**The data**:
'''

lemma quadratic_bound_at_double_zero:
  fixes f f' :: "real \<Rightarrow> real"
  assumes df: "\<And>z. a \<le> z \<Longrightarrow> z \<le> l \<Longrightarrow> DERIV f z :> f' z"
    and f'_diff: "f' differentiable (at l)" and fl: "f l = 0" and f'l: "f' l = 0"
  obtains L \<eta> where "L > 0" "\<eta> > 0" "\<And>z. a \<le> z \<Longrightarrow> l - \<eta> < z \<Longrightarrow> z < l \<Longrightarrow> \<bar>f z\<bar> \<le> L * (l - z)^2"
proof -
  obtain dl where dl: "DERIV f' l :> dl" using f'_diff by (auto simp: real_differentiable_def)
  define L where "L = \<bar>dl\<bar> + 1"
  have "((\<lambda>y. (f' y - f' l) / (y - l)) \<longlongrightarrow> dl) (at l)"
    using dl by (simp add: has_field_derivative_iff)
  then obtain \<eta> where \<eta>: "\<eta> > 0"
    "\<And>y. y \<noteq> l \<Longrightarrow> \<bar>y - l\<bar> < \<eta> \<Longrightarrow> \<bar>(f' y - f' l) / (y - l) - dl\<bar> < 1"
    using LIM_D[of _ dl l 1] by force
  have f'_bound: "\<bar>f' y\<bar> \<le> L * \<bar>y - l\<bar>" if "y \<noteq> l" "\<bar>y - l\<bar> < \<eta>" for y
  proof -
    have "\<bar>f' y / (y - l) - dl\<bar> < 1" using \<eta>(2)[OF that] f'l by simp
    then have "\<bar>f' y / (y - l)\<bar> \<le> L"
      using abs_triangle_ineq2[of "f' y / (y - l)" dl] unfolding L_def by linarith
    then show ?thesis using that by (simp add: abs_divide divide_le_eq)
  qed
  have L: "L > 0" by (simp add: L_def)
  have "\<bar>f z\<bar> \<le> L * (l - z)^2" if z: "a \<le> z" "l - \<eta> < z" "z < l" for z
  proof -
    obtain \<xi> where \<xi>: "z < \<xi>" "\<xi> < l" "f l - f z = (l - z) * f' \<xi>"
      using MVT2[of z l f f'] z df by auto
    have "- f z = (l - z) * f' \<xi>" using \<xi>(3) fl by simp
    then have "\<bar>f z\<bar> = (l - z) * \<bar>f' \<xi>\<bar>"
      using z by (metis abs_minus_cancel abs_mult abs_of_pos diff_gt_0_iff_gt)
    also have "\<dots> \<le> (l - z) * (L * (l - z))"
    proof (intro mult_left_mono)
      have "\<bar>f' \<xi>\<bar> \<le> L * (l - \<xi>)" using f'_bound[of \<xi>] \<xi> z by simp
      also have "\<dots> \<le> L * (l - z)" using \<xi> L by (intro mult_left_mono) auto
      finally show "\<bar>f' \<xi>\<bar> \<le> L * (l - z)" .
    qed (use z in simp)
    finally show ?thesis by (simp add: power2_eq_square mult_ac)
  qed
  with L \<eta>(1) that show ?thesis by blast
qed

locale homoclinic_potential =
  fixes D D' :: "real \<Rightarrow> real" and l :: real
  assumes l_pos: "0 < l"
    and DERIV_D: "\<And>z. 0 \<le> z \<Longrightarrow> z \<le> l \<Longrightarrow> DERIV D z :> D' z"
    and D'_differentiable_at_l: "D' differentiable (at l)"
    and D_0: "D 0 = 0" and D'_0_pos: "0 < D' 0"
    and D_pos: "\<And>z. 0 < z \<Longrightarrow> z < l \<Longrightarrow> 0 < D z"
    and D_l: "D l = 0" and D'_l: "D' l = 0"
begin

definition slope :: "real \<Rightarrow> real" where
  "slope z = (if z = 0 then D' 0 else D z / z)"

lemma slope_pos: "0 \<le> z \<Longrightarrow> z < l \<Longrightarrow> 0 < slope z"
  using D'_0_pos D_pos[of z] by (auto simp: slope_def)

lemma slope_l: "slope l = 0"
  using l_pos D_l by (simp add: slope_def)

lemma isCont_slope:
  assumes "0 \<le> z" "z \<le> l"
  shows "isCont slope z"
proof (cases "z = 0")
  case True
  have "((\<lambda>y. (D y - D 0) / (y - 0)) \<longlongrightarrow> D' 0) (at 0)"
    using DERIV_D[of 0] l_pos by (auto simp: has_field_derivative_iff)
  then have "(slope \<longlongrightarrow> D' 0) (at 0)"
    by (rule Lim_transform_eventually) (auto simp: eventually_at_filter slope_def D_0)
  then show ?thesis using True by (simp add: isCont_def slope_def)
next
  case False
  have "eventually (\<lambda>y. y \<in> {0<..}) (nhds z)"
    by (rule eventually_nhds_in_open) (use assms False in auto)
  then have "eventually (\<lambda>y. slope y = D y / y) (nhds z)"
    by (rule eventually_mono) (auto simp: slope_def)
  moreover have "isCont (\<lambda>y. D y / y) z"
    using DERIV_isCont[OF DERIV_D[OF assms]] False by (auto intro!: continuous_intros)
  ultimately show ?thesis by (simp add: isCont_cong)
qed

lemma DERIV_slope:
  assumes "0 < z" "z \<le> l"
  shows "DERIV slope z :> (D' z * z - D z) / z^2"
proof (rule has_field_derivative_transform_within_open[of "\<lambda>z. D z / z" _ z "{0<..}"])
  show "DERIV (\<lambda>z. D z / z) z :> (D' z * z - D z) / z^2"
    using DERIV_D[of z] assms
    by (auto intro!: derivative_eq_intros simp: field_simps power2_eq_square)
qed (use assms in \<open>auto simp: slope_def\<close>)

lemma square_less_of_bounds: "-sqrt l < v \<Longrightarrow> v < sqrt l \<Longrightarrow> v^2 < l"
  using real_sqrt_less_iff[of "v^2" l] by (simp add: abs_less_iff)

lemma isCont_slope_square:
  assumes "-sqrt l \<le> v" "v \<le> sqrt l"
  shows "isCont (\<lambda>v. slope (v^2)) v"
proof -
  have "v^2 \<le> l"
    using assms real_sqrt_le_iff[of "v^2" l] by (simp add: abs_le_iff)
  then show ?thesis
    using isCont_slope[of "v^2"] by (auto intro!: continuous_intros isCont_o2[where f="\<lambda>v. v^2"])
qed

lemma time_map_exists:
  obtains T where "\<And>v. -sqrt l < v \<Longrightarrow> v < sqrt l \<Longrightarrow> DERIV T v :> 2 / sqrt (slope (v^2))"
    "T 0 = 0"
proof -
  have "isCont (\<lambda>v. 2 / sqrt (slope (v^2))) v" if "-sqrt l < v" "v < sqrt l" for v
    using isCont_slope_square[of v] that slope_pos[of "v^2"] square_less_of_bounds[OF that]
    by (auto intro!: continuous_intros isCont_o2[where g=sqrt and f="\<lambda>v. slope (v^2)"])
  then have "\<exists>T0. \<forall>v. -sqrt l < v \<and> v < sqrt l \<longrightarrow>
      (T0 has_vector_derivative 2 / sqrt (slope (v^2))) (at v)"
    using einterval_antiderivative[of "ereal (-sqrt l)" "ereal (sqrt l)"
        "\<lambda>v. 2 / sqrt (slope (v^2))"] l_pos
    by auto
  then obtain T0 where T0: "\<And>v. -sqrt l < v \<Longrightarrow> v < sqrt l \<Longrightarrow>
      (T0 has_vector_derivative 2 / sqrt (slope (v^2))) (at v)"
    by blast
  show ?thesis
  proof (rule that[of "\<lambda>v. T0 v - T0 0"])
    fix v assume "-sqrt l < v" "v < sqrt l"
    then show "DERIV (\<lambda>v. T0 v - T0 0) v :> 2 / sqrt (slope (v^2))"
      using T0 unfolding has_real_derivative_iff_has_vector_derivative[symmetric]
      by (auto intro!: derivative_eq_intros)
  qed simp
qed

text \<open>Since \<open>D\<close> has a double zero at \<open>l\<close>, the time density \<open>2 / \<surd>(slope v\<^sup>2)\<close> blows up like
  \<open>1 / (\<surd>l - v)\<close>, which is not integrable: the orbit needs infinite time to reach \<open>l\<close>.\<close>
lemma time_density_ge_inverse_distance:
  obtains k v1 where "0 < k" "0 < v1" "v1 < sqrt l"
    "\<And>v. v1 \<le> v \<Longrightarrow> v < sqrt l \<Longrightarrow> k / (sqrt l - v) \<le> 2 / sqrt (slope (v^2))"
proof -
  define b where "b = sqrt l"
  have b: "b > 0" "b^2 = l" using l_pos by (auto simp: b_def)
  obtain L \<eta> where L: "L > 0" "\<eta> > 0"
    and D_bound: "\<And>z. 0 \<le> z \<Longrightarrow> l - \<eta> < z \<Longrightarrow> z < l \<Longrightarrow> \<bar>D z\<bar> \<le> L * (l - z)^2"
    using quadratic_bound_at_double_zero[OF DERIV_D D'_differentiable_at_l D_l D'_l] by blast
  define v1 where "v1 = max (b/2) (sqrt (max 0 (l - \<eta>/2)))"
  have v1: "0 < v1" "v1 < b"
  proof -
    show "0 < v1" using b by (auto simp: v1_def)
    have "sqrt (max 0 (l - \<eta>/2)) < sqrt l" using l_pos L by (intro real_sqrt_less_mono) auto
    then show "v1 < b" using b by (auto simp: v1_def b_def)
  qed
  define k where "k = 1 / (2 * sqrt L)"
  have "k / (b - v) \<le> 2 / sqrt (slope (v^2))" if v: "v1 \<le> v" "v < b" for v
  proof -
    have vpos: "0 < v" "b / 2 \<le> v" using v1 v by (auto simp: v1_def)
    have "sqrt (max 0 (l - \<eta>/2)) \<le> v" using v by (auto simp: v1_def)
    then have "l - \<eta>/2 \<le> v^2" using real_sqrt_le_iff[of "max 0 (l - \<eta>/2)" "v^2"] vpos by simp
    moreover have v2l: "v^2 < l" using square_less_of_bounds[of v] v vpos b by (simp add: b_def)
    ultimately have "D (v^2) \<le> L * (l - v^2)^2" using D_bound[of "v^2"] L by auto
    also have "\<dots> = L * (b - v)^2 * (b + v)^2"
      using b by (simp add: power2_eq_square algebra_simps)
    also have "\<dots> \<le> L * (b - v)^2 * (16 * v^2)"
      using L vpos b power_mono[of "b + v" "4 * v" 2] by (intro mult_left_mono) auto
    finally have "slope (v^2) \<le> 16 * L * (b - v)^2"
      using vpos by (simp add: slope_def divide_le_eq mult_ac)
    then have "sqrt (slope (v^2)) \<le> 4 * sqrt L * (b - v)"
      using real_sqrt_le_mono v by (fastforce simp: real_sqrt_mult)
    moreover have "sqrt (slope (v^2)) > 0" using slope_pos[of "v^2"] v2l by simp
    ultimately have "2 / (4 * sqrt L * (b - v)) \<le> 2 / sqrt (slope (v^2))"
      using L v by (intro divide_left_mono) auto
    then show ?thesis by (simp add: k_def)
  qed
  moreover have "0 < k" using L by (simp add: k_def)
  ultimately show ?thesis using that v1 by (simp add: b_def)
qed

definition velocity :: "real \<Rightarrow> real" where
  "velocity v = v * sqrt (slope (v^2))"

lemma DERIV_velocity:
  assumes "-sqrt l < v" "v < sqrt l"
  shows "DERIV velocity v :> D' (v^2) / sqrt (slope (v^2))"
proof (cases "v = 0")
  case True
  have "((\<lambda>y. sqrt (slope (y^2))) \<longlongrightarrow> sqrt (slope 0)) (at 0)"
    using isCont_slope_square[of 0] l_pos by (auto intro!: tendsto_intros simp: isCont_def)
  then have "((\<lambda>y. (velocity y - velocity 0) / (y - 0)) \<longlongrightarrow> sqrt (slope 0)) (at 0)"
    by (rule Lim_transform_eventually) (auto simp: eventually_at_filter velocity_def)
  moreover have "sqrt (slope 0) = D' 0 / sqrt (slope 0)"
    using D'_0_pos by (simp add: slope_def real_div_sqrt)
  ultimately show ?thesis using True by (simp add: has_field_derivative_iff)
next
  case False
  define z where "z = v^2"
  define q where "q = sqrt (slope z)"
  have z: "0 < z" "z < l" using False square_less_of_bounds[OF assms] by (auto simp: z_def)
  have q: "0 < q" "D z = q * q * z"
    using slope_pos[of z] z D_pos[of z] by (auto simp: q_def slope_def)
  have "DERIV slope (v^2) :> (D' z * z - D z) / z^2"
    using DERIV_slope[of z] z by (simp add: z_def)
  moreover have "DERIV (\<lambda>v. v^2) v :> 2 * v" by (auto intro!: derivative_eq_intros)
  ultimately have "DERIV (\<lambda>v. slope (v^2)) v :> (D' z * z - D z) / z^2 * (2 * v)"
    by (rule DERIV_chain2)
  then have "DERIV velocity v :> q + v * (inverse q / 2 * ((D' z * z - D z) / z^2 * (2 * v)))"
    unfolding velocity_def using q by (auto intro!: derivative_eq_intros simp: q_def z_def)
  moreover have "q + v * (inverse q / 2 * ((D' z * z - D z) / z^2 * (2 * v)))
      = q + (D' z * z - D z) * (v * v) / (q * z^2)"
    using q z by (simp add: field_simps)
  also have "\<dots> = q + (D' z - q * q) / q"
    using q z by (simp add: z_def[symmetric] power2_eq_square[symmetric] field_simps)
      (simp add: power2_eq_square algebra_simps)
  also have "\<dots> = D' z / q" using q by (simp add: field_simps)
  ultimately show ?thesis by (simp add: z_def q_def)
qed
(* Let $d\ge 2$, let $q:\mathbb{R}\to\mathbb{R}$ be a Schwartz function supported in $[\tfrac12,2]$, let $b\in[0,1)$, and let $f\in L^1(\mathbb{R}^d)$ with $F = f*\tilde f$. For $N>0$ define $H_1:\mathbb{R}\to\mathbb{C}$ by $$H_1(t) = \frac{1}{\sqrt{t+b}}\, h_1(\sqrt{t+b})\, q\!\left(\frac{\sqrt{t+b}}{N}\right)$$ for $t > -b$, and $H_1(t)=0$ otherwise. Then for all sufficiently large $N$, $$\sum_{\nu\in\mathbb{Z},\,\nu\neq 0} |\hat H_1(\nu)| \le \frac{C\,\|F\|_1}{N},$$ where $C$ depends only on $q$ and $d$.
   Context: The Fourier transform is $\hat u(\xi)=\int u(x)e^{-2\pi i x\cdot\xi}dx$, in any dimension. We write $\tilde f(x)=\overline{f(-x)}$. For $t>0$, $\sigma_t$ denotes surface measure on the sphere $\{\xi\in\mathbb{R}^d:|\xi|=t\}$, and $$\widehat{d\sigma_t}(x)=\int_{|\xi|=t} e^{-2\pi i x\cdot\xi}\,d\sigma_t(\xi).$$ For $t>0$ we set $$h_1(t)=\int_{|x|\le 1} F(x)\,\widehat{d\sigma_t}(x)\,dx.$$ *)

theory Defs
  imports "HOL-Analysis.Analysis"
begin

definition schwartz :: "(real \<Rightarrow> real) \<Rightarrow> bool" where
  "schwartz q \<longleftrightarrow>
     (\<forall>k t. ((deriv ^^ k) q) differentiable (at t)) \<and>
     (\<forall>k m. bounded (range (\<lambda>t. t ^ m * (deriv ^^ k) q t)))"

definition tilde :: "('a::euclidean_space \<Rightarrow> complex) \<Rightarrow> 'a \<Rightarrow> complex" where
  "tilde f x = cnj (f (- x))"

definition conv :: "('a::euclidean_space \<Rightarrow> complex) \<Rightarrow> ('a \<Rightarrow> complex) \<Rightarrow> 'a \<Rightarrow> complex" where
  "conv f g x = (\<integral>y. f y * g (x - y) \<partial>lborel)"

definition L1norm :: "('a::euclidean_space \<Rightarrow> complex) \<Rightarrow> real" where
  "L1norm F = (\<integral>x. norm (F x) \<partial>lborel)"

text \<open>Surface measure on the sphere of radius t in R^d, via the cone construction:
  sigma_t(E) = d * t^(d-1) * Lebesgue{eta : 0 < |eta| \<le> 1, t * eta/|eta| \<in> E}.\<close>
definition sphere_measure :: "real \<Rightarrow> 'a::euclidean_space measure" where
  "sphere_measure t =
     density (distr (density lborel (indicator (cball (0::'a) 1 - {0}))) borel
                    (\<lambda>\<eta>. t *\<^sub>R sgn \<eta>))
             (\<lambda>_. ennreal (real DIM('a) * t ^ (DIM('a) - 1)))"

definition sphere_ft :: "real \<Rightarrow> 'a::euclidean_space \<Rightarrow> complex" where
  "sphere_ft t x = (\<integral>\<xi>. cis (- 2 * pi * (x \<bullet> \<xi>)) \<partial>(sphere_measure t))"

definition h1 :: "('a::euclidean_space \<Rightarrow> complex) \<Rightarrow> real \<Rightarrow> complex" where
  "h1 F t = (\<integral>x. indicator (cball (0::'a) 1) x *\<^sub>R (F x * sphere_ft t x) \<partial>lborel)"

definition H1 :: "(real \<Rightarrow> real) \<Rightarrow> real \<Rightarrow> ('a::euclidean_space \<Rightarrow> complex) \<Rightarrow> real \<Rightarrow> real \<Rightarrow> complex" where
  "H1 q b F N t = (if t > - b then
      complex_of_real (1 / sqrt (t + b)) * h1 F (sqrt (t + b)) * complex_of_real (q (sqrt (t + b) / N))
    else 0)"
(* Let $A$ be a commutative ring and $\sigma$ a hereditary torsion theory on $A$-modules of finite type. The following are equivalent: (a) $A$ is totally $\sigma$-artinian; (b) $\mathcal{K}(\sigma)=\mathcal{C}(\sigma)$, this set is finite, and $A$ is totally $\sigma_{A\setminus\mathfrak{p}}$-artinian for every $\mathfrak{p}\in\mathcal{C}(\sigma)$.
   Context: $\mathcal{L}(\tau)$ denotes the Gabriel filter of a hereditary torsion theory $\tau$. $\sigma$ is of finite type if every ideal in $\mathcal{L}(\sigma)$ contains a finitely generated ideal in $\mathcal{L}(\sigma)$. $A$ is totally $\tau$-artinian if for every descending chain of ideals $\mathfrak{a}_1\supseteq\mathfrak{a}_2\supseteq\cdots$ there exist $m$ and $\mathfrak{h}\in\mathcal{L}(\tau)$ with $\mathfrak{a}_m\mathfrak{h}\subseteq\mathfrak{a}_s$ for all $s\ge m$. For a prime $\mathfrak{p}$, $\sigma_{A\setminus\mathfrak{p}}$ has Gabriel filter $\{\mathfrak{a}:\mathfrak{a}\not\subseteq\mathfrak{p}\}$. $\mathcal{K}(\sigma)$ is the set of primes $\mathfrak{p}$ with $\mathfrak{p}\notin\mathcal{L}(\sigma)$, and $\mathcal{C}(\sigma)$ is the set of maximal elements of $\mathcal{K}(\sigma)$. *)

theory Defs
  imports "HOL-Algebra.Ideal_Product"
begin

text \<open>A hereditary torsion theory on A-modules is represented by its Gabriel filter
  (these correspond bijectively).  Gabriel filter of ideals of a commutative ring R.\<close>

definition colon_ideal :: "('a, 'b) ring_scheme \<Rightarrow> 'a set \<Rightarrow> 'a \<Rightarrow> 'a set" where
  "colon_ideal R J x = {y \<in> carrier R. y \<otimes>\<^bsub>R\<^esub> x \<in> J}"

definition gabriel_filter :: "('a, 'b) ring_scheme \<Rightarrow> 'a set set \<Rightarrow> bool" where
  "gabriel_filter R F \<longleftrightarrow>
     (\<forall>I\<in>F. ideal I R) \<and> carrier R \<in> F \<and>
     (\<forall>I\<in>F. \<forall>J. ideal J R \<and> I \<subseteq> J \<longrightarrow> J \<in> F) \<and>
     (\<forall>I\<in>F. \<forall>J\<in>F. I \<inter> J \<in> F) \<and>
     (\<forall>I\<in>F. \<forall>x\<in>carrier R. colon_ideal R I x \<in> F) \<and>
     (\<forall>J. ideal J R \<and> (\<exists>I\<in>F. \<forall>x\<in>I. colon_ideal R J x \<in> F) \<longrightarrow> J \<in> F)"

definition finite_type :: "('a, 'b) ring_scheme \<Rightarrow> 'a set set \<Rightarrow> bool" where
  "finite_type R F \<longleftrightarrow>
     (\<forall>I\<in>F. \<exists>J\<in>F. J \<subseteq> I \<and> (\<exists>S. finite S \<and> S \<subseteq> carrier R \<and> J = Idl\<^bsub>R\<^esub> S))"

definition totally_artinian :: "('a, 'b) ring_scheme \<Rightarrow> 'a set set \<Rightarrow> bool" where
  "totally_artinian R F \<longleftrightarrow>
     (\<forall>a :: nat \<Rightarrow> 'a set. (\<forall>n. ideal (a n) R) \<and> (\<forall>n. a (Suc n) \<subseteq> a n) \<longrightarrow>
        (\<exists>m. \<exists>h\<in>F. \<forall>s\<ge>m. a m \<cdot>\<^bsub>R\<^esub> h \<subseteq> a s))"

text \<open>Gabriel filter of sigma_{A \ p}.\<close>
definition loc_filter :: "('a, 'b) ring_scheme \<Rightarrow> 'a set \<Rightarrow> 'a set set" where
  "loc_filter R p = {I. ideal I R \<and> \<not> I \<subseteq> p}"

definition K_set :: "('a, 'b) ring_scheme \<Rightarrow> 'a set set \<Rightarrow> 'a set set" where
  "K_set R F = {p. primeideal p R \<and> p \<notin> F}"

definition C_set :: "('a, 'b) ring_scheme \<Rightarrow> 'a set set \<Rightarrow> 'a set set" where
  "C_set R F = {p \<in> K_set R F. \<forall>q\<in>K_set R F. p \<subseteq> q \<longrightarrow> q = p}"

end

theory Submission
  imports Defs "HOL-Algebra.Ring_Divisibility"
begin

'''

**Work to complete**: Find the string "bool" in the listing and return every line that holds it.

**Output of the task**:
definition schwartz :: "(real \<Rightarrow> real) \<Rightarrow> bool" where
definition gabriel_filter :: "('a, 'b) ring_scheme \<Rightarrow> 'a set set \<Rightarrow> bool" where
definition finite_type :: "('a, 'b) ring_scheme \<Rightarrow> 'a set set \<Rightarrow> bool" where
definition totally_artinian :: "('a, 'b) ring_scheme \<Rightarrow> 'a set set \<Rightarrow> bool" where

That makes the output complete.